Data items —
Segment Open

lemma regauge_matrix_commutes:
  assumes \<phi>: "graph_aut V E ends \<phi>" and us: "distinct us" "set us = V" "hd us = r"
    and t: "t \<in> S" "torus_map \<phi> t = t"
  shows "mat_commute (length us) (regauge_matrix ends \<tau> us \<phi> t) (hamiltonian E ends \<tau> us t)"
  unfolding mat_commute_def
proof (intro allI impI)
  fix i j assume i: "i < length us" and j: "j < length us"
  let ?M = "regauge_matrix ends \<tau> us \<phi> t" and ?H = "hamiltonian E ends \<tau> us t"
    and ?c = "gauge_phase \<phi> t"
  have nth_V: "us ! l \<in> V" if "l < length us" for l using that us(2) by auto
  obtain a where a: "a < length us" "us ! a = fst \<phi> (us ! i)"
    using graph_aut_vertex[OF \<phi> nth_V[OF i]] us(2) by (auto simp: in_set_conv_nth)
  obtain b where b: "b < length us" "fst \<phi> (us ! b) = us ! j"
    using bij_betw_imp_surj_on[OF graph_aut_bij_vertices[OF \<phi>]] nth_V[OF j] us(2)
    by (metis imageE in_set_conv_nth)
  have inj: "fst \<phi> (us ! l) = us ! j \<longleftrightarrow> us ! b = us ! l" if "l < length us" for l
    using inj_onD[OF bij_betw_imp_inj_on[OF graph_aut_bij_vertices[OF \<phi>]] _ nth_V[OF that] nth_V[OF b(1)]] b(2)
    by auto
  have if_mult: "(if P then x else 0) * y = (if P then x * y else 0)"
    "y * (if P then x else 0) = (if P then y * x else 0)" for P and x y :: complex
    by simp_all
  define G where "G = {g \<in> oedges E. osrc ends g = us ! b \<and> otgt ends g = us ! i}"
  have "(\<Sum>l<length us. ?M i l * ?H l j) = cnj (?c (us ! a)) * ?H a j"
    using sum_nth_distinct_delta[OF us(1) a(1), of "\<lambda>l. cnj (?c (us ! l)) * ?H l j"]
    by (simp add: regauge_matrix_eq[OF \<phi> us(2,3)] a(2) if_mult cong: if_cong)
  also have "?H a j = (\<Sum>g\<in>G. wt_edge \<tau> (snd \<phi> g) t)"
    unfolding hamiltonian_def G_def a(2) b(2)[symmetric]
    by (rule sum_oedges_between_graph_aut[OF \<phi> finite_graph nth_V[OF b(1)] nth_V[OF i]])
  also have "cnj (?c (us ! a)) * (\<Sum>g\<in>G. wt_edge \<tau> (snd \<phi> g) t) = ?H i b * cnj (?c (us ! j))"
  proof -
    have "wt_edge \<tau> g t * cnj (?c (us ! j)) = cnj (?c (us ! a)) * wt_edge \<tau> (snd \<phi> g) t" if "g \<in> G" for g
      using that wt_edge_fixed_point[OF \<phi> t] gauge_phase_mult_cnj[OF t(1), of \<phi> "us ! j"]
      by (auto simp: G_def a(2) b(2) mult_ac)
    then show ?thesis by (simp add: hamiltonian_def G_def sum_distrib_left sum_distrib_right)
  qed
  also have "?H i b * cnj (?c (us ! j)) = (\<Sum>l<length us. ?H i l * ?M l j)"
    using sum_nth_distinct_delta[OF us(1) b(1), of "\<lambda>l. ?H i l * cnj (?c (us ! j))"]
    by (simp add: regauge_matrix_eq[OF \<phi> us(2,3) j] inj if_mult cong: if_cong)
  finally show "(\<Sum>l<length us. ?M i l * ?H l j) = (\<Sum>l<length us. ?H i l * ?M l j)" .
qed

Segment Closed
Segment Open

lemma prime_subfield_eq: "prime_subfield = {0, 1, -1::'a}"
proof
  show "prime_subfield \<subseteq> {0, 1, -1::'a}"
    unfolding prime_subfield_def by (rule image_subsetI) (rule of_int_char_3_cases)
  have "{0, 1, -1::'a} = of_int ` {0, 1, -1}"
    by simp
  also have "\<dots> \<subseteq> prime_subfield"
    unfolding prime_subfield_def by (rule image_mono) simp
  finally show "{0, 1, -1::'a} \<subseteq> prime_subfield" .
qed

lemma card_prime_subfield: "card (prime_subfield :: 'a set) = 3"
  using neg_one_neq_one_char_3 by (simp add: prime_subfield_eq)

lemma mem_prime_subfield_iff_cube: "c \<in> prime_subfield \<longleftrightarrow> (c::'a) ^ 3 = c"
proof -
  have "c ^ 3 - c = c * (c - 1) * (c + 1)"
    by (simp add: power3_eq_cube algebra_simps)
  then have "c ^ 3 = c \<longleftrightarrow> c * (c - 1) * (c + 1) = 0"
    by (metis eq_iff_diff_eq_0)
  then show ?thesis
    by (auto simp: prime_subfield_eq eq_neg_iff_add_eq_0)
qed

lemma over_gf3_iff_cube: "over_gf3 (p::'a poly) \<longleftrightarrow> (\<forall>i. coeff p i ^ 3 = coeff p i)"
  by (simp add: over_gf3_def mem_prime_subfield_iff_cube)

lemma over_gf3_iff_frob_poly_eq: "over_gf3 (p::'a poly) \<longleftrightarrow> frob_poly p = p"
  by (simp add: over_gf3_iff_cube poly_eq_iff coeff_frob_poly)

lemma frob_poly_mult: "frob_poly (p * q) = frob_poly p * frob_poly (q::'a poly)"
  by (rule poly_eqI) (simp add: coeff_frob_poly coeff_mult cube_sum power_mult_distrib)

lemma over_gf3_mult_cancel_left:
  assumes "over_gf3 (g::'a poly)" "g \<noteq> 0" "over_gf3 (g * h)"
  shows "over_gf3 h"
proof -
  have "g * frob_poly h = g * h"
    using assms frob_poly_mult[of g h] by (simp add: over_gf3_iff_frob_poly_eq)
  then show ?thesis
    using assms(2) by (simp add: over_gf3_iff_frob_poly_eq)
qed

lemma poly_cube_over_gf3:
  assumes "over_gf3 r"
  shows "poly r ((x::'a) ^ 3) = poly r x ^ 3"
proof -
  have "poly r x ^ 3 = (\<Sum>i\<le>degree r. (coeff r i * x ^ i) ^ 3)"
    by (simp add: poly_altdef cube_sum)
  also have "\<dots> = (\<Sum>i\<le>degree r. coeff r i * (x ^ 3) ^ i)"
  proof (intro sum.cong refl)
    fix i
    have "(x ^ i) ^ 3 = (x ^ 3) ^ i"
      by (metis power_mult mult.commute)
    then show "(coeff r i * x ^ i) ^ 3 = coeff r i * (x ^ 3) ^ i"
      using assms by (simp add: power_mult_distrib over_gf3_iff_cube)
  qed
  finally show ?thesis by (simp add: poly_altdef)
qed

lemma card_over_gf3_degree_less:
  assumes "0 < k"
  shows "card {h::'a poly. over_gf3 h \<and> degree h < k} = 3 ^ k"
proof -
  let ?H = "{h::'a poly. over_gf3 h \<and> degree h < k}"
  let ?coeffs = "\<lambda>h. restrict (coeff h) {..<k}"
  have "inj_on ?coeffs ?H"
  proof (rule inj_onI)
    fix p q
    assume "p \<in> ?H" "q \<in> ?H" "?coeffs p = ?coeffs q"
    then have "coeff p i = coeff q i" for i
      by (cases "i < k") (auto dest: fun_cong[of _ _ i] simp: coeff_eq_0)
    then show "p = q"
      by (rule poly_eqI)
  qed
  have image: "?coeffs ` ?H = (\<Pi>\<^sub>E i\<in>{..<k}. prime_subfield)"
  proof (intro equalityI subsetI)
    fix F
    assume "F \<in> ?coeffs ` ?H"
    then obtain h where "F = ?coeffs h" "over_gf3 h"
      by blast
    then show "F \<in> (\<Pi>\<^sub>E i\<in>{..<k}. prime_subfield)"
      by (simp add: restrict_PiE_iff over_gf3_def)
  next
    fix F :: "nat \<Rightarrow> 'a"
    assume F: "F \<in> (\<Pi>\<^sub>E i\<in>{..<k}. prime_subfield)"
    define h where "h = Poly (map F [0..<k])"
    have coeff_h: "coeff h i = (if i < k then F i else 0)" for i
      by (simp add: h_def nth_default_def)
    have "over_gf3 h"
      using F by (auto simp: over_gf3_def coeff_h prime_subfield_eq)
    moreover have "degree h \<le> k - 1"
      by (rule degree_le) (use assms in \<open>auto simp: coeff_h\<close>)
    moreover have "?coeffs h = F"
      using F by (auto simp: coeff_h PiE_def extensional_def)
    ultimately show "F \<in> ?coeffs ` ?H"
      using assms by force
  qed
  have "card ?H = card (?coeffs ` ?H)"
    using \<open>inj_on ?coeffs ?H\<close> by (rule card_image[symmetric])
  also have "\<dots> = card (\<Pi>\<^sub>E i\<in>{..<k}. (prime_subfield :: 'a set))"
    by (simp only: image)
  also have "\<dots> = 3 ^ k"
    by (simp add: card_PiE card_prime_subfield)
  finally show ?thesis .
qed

Segment Closed
Segment Open

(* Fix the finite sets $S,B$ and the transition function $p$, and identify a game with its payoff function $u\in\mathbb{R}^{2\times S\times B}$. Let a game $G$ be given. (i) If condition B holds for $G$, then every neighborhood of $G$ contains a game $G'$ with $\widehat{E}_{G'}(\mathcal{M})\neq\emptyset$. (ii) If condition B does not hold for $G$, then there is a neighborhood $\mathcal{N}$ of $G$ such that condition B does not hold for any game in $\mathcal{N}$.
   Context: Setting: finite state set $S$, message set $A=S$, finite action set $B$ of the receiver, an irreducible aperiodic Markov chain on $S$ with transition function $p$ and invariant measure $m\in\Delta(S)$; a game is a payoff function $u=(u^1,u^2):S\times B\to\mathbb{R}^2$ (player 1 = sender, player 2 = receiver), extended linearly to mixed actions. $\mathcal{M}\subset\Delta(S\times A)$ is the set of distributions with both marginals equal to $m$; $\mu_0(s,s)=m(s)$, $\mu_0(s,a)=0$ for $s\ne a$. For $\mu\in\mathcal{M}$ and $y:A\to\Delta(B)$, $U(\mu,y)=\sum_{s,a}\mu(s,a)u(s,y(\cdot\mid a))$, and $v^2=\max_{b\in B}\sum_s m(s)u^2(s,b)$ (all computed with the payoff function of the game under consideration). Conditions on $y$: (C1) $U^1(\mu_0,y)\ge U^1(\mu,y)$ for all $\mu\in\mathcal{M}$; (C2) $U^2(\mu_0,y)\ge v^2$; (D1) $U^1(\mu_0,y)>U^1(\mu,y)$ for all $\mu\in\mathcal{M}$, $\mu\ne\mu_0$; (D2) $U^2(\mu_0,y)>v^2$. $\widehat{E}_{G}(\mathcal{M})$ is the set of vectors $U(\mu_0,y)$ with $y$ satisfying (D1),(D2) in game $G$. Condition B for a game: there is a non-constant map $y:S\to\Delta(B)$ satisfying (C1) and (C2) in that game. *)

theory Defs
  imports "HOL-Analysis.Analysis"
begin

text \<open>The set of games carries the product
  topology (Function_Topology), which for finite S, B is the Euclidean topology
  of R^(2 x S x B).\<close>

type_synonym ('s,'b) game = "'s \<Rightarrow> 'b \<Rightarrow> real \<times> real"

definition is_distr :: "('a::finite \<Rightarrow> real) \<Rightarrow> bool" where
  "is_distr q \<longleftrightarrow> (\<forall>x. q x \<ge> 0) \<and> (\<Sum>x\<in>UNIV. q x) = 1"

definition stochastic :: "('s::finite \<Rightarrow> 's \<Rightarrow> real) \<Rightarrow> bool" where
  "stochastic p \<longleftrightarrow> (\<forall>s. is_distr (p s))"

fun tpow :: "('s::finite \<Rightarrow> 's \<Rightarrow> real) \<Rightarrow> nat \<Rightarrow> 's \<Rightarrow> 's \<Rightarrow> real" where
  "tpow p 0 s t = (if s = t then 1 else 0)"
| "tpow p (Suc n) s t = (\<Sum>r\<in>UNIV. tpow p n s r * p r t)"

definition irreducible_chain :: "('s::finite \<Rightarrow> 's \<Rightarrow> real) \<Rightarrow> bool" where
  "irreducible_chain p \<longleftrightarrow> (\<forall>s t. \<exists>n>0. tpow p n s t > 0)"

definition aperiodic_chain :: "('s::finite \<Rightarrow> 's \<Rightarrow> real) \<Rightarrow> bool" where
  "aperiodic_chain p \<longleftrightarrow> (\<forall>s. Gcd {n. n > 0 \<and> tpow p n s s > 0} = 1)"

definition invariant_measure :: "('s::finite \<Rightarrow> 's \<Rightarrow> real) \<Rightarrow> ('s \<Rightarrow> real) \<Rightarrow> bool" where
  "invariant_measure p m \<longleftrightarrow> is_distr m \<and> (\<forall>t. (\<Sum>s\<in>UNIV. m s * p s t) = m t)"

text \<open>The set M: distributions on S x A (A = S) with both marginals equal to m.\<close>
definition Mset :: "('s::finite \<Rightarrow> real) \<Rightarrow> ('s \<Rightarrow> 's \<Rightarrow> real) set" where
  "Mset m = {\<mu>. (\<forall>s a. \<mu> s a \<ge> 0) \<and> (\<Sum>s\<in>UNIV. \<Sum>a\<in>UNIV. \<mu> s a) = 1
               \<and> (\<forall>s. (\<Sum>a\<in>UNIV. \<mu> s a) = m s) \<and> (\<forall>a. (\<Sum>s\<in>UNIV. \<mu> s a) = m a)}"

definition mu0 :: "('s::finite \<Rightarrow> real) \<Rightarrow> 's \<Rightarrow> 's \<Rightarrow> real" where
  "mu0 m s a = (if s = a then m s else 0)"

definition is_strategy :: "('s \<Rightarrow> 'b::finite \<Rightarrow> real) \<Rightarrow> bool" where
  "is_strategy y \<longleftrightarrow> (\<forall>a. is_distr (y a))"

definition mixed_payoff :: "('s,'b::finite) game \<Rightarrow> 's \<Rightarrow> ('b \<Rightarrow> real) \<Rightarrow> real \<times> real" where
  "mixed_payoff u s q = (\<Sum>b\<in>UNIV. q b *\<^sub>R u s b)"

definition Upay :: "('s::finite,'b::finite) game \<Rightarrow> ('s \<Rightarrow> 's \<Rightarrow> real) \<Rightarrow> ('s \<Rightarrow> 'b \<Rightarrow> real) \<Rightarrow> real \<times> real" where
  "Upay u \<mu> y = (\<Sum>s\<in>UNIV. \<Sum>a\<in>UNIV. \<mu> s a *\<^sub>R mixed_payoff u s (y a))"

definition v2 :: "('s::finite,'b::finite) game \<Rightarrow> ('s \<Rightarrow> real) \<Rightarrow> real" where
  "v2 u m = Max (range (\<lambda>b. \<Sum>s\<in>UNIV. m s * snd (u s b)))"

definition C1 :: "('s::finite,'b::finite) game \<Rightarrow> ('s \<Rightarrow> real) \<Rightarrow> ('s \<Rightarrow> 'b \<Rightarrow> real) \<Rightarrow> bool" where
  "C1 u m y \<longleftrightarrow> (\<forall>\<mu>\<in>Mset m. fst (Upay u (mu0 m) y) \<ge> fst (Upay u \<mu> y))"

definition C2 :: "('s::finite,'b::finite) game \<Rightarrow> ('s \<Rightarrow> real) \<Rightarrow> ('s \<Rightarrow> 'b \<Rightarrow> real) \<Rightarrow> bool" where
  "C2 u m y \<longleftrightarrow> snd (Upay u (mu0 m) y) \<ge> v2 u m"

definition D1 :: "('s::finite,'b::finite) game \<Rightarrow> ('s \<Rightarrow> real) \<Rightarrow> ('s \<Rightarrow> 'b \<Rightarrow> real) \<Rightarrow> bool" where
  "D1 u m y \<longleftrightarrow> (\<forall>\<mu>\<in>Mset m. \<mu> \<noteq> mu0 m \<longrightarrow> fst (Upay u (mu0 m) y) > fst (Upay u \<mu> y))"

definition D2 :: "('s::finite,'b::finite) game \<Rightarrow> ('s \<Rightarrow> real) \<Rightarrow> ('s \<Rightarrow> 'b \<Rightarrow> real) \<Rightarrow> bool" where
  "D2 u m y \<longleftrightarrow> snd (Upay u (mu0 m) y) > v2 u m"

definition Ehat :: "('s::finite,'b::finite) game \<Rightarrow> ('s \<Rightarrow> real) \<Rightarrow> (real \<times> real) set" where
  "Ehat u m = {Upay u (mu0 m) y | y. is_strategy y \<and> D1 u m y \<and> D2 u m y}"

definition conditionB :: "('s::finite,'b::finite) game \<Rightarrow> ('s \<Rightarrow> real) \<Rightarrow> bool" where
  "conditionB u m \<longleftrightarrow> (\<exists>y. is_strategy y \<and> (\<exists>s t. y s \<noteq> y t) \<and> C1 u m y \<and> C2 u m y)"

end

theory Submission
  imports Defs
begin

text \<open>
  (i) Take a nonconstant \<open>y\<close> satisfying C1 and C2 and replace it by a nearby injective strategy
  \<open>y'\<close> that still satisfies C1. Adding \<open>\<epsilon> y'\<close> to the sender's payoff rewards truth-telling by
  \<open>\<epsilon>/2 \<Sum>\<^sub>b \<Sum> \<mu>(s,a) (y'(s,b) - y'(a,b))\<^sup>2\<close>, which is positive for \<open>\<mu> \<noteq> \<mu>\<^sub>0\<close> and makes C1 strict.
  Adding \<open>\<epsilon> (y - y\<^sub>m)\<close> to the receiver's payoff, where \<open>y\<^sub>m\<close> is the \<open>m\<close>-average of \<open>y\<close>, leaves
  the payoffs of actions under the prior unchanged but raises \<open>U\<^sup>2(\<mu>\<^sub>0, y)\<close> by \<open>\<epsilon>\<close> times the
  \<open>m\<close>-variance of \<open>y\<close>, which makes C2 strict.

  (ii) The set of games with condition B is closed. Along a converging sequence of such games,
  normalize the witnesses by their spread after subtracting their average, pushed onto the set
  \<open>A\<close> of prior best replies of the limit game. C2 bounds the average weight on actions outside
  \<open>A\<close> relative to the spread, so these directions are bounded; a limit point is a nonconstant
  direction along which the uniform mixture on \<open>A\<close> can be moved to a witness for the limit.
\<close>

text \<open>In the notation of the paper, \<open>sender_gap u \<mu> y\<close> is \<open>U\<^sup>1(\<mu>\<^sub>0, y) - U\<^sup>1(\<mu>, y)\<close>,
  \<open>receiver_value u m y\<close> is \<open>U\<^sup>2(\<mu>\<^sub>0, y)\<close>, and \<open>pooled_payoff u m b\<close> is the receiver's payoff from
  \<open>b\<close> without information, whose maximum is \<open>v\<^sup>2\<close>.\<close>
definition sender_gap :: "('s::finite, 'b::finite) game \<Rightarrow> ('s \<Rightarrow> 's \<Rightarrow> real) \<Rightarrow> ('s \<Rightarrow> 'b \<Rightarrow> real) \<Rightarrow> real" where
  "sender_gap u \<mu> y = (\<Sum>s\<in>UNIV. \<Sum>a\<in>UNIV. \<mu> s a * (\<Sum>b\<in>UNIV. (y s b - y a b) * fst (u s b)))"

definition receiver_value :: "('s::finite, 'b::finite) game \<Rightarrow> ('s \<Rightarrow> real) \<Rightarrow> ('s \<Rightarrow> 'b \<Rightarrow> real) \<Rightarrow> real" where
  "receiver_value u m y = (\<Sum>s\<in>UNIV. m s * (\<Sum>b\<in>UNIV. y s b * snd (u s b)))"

Segment Closed

What to do —
Among the entries above, how many lines hold the word "coeffs"? Reply with only that number.

Response area —
10